Segment Start: Supplied records
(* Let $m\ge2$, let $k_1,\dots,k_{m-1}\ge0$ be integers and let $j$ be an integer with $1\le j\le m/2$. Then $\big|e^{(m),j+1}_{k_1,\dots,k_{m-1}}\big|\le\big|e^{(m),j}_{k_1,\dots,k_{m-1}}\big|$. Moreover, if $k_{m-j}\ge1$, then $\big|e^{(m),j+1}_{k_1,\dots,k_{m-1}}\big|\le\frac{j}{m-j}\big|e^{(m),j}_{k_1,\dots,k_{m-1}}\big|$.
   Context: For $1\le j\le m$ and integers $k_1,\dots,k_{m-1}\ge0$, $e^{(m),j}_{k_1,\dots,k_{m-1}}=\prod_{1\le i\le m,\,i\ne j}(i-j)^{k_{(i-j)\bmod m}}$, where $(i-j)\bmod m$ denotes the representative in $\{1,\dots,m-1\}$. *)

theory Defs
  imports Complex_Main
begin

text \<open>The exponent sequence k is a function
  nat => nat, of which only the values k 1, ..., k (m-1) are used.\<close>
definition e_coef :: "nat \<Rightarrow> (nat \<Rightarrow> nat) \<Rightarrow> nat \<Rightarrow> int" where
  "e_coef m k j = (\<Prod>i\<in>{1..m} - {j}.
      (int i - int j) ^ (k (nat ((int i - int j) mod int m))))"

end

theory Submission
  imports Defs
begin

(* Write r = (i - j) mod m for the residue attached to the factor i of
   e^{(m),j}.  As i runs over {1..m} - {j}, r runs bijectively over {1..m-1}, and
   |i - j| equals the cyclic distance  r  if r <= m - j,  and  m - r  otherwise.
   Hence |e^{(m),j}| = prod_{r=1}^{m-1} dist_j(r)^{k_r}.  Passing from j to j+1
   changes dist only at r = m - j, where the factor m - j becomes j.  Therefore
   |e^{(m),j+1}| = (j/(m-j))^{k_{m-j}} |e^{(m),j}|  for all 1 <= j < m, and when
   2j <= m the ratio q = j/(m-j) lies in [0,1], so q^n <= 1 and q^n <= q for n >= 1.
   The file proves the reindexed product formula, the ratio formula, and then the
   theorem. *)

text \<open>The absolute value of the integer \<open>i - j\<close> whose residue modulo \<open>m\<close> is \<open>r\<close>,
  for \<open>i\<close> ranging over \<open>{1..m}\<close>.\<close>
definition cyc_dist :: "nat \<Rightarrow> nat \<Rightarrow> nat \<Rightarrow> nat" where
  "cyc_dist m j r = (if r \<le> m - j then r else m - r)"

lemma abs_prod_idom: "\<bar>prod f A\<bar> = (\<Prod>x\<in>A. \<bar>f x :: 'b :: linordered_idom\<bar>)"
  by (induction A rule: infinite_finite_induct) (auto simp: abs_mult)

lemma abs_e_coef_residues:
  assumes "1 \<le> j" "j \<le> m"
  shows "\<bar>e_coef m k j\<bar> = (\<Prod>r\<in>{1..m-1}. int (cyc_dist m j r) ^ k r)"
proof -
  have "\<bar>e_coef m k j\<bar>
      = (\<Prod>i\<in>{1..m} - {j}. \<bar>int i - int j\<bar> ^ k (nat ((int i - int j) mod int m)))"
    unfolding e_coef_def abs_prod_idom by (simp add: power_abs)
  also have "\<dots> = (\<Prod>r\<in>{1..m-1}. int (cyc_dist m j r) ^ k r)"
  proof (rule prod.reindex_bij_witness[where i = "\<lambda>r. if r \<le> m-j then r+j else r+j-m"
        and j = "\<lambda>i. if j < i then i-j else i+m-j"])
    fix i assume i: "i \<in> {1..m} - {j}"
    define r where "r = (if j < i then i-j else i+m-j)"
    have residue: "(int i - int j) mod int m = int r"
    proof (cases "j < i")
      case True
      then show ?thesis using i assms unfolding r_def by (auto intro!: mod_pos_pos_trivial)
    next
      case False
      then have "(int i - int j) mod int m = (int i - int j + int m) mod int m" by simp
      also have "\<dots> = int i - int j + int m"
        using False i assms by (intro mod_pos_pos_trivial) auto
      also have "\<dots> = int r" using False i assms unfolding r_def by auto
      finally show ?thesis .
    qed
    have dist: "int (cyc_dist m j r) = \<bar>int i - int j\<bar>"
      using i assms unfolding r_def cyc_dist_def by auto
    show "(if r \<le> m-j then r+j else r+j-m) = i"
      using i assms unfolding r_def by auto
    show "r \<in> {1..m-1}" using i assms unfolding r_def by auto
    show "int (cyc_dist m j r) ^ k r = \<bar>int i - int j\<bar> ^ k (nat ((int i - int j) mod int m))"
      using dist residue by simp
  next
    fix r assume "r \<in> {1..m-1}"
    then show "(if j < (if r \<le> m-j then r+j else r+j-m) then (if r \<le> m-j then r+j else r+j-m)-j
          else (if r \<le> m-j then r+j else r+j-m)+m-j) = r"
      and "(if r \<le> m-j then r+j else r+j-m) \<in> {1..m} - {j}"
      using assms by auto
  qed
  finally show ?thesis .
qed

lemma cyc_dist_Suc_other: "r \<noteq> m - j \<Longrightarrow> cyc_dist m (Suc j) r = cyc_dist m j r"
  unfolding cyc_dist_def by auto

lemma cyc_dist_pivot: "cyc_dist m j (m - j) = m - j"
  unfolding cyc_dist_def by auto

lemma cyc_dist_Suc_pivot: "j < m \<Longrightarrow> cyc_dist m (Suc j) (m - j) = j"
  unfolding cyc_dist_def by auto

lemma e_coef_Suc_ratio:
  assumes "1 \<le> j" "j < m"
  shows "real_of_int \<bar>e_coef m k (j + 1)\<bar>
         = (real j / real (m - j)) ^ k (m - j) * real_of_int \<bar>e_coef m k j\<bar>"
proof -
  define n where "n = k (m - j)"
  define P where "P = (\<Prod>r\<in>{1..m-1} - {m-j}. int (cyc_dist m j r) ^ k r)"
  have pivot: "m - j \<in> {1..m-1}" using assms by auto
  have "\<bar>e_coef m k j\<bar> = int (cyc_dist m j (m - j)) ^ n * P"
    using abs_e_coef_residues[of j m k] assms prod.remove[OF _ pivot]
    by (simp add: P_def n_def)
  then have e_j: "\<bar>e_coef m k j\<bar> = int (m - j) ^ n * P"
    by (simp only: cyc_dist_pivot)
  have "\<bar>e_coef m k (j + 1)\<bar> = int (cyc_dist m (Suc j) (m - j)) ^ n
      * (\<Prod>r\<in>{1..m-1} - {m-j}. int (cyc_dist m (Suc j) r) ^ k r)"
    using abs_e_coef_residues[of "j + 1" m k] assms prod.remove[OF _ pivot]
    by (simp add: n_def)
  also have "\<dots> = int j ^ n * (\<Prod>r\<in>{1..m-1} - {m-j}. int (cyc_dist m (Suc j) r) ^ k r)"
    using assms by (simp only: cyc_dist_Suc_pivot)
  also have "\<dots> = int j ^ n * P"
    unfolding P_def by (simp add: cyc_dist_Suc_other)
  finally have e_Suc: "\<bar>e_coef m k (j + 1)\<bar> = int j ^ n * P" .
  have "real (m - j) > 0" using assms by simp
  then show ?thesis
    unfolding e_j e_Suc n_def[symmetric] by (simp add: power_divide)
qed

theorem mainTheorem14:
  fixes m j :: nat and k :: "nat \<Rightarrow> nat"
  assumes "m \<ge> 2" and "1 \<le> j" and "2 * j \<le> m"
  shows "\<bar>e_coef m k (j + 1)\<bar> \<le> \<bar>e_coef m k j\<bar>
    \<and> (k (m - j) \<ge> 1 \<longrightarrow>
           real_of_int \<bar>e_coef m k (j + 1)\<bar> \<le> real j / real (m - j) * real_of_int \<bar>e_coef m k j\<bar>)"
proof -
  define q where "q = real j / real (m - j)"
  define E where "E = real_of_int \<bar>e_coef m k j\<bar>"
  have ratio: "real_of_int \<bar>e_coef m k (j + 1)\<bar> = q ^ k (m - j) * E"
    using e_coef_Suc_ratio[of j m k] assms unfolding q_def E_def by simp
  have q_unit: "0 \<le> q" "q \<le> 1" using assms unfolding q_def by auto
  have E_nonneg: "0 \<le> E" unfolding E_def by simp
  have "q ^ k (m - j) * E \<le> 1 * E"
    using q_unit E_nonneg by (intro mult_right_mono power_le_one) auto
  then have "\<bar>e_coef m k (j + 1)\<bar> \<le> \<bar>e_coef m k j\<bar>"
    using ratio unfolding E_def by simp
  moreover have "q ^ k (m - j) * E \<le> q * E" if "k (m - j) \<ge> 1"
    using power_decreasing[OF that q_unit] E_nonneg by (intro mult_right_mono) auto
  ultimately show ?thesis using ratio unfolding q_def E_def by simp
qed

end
Segment End: Supplied records
Look above for the line that contains "by (simp add: n_def)". Starting there, transcribe every line exactly until you have copied the line that contains "unfolding P_def by".

    by (simp add: n_def)
  also have "\<dots> = int j ^ n * (\<Prod>r\<in>{1..m-1} - {m-j}. int (cyc_dist m (Suc j) r) ^ k r)"
    using assms by (simp only: cyc_dist_Suc_pivot)
  also have "\<dots> = int j ^ n * P"
    unfolding P_def by (simp add: cyc_dist_Suc_other)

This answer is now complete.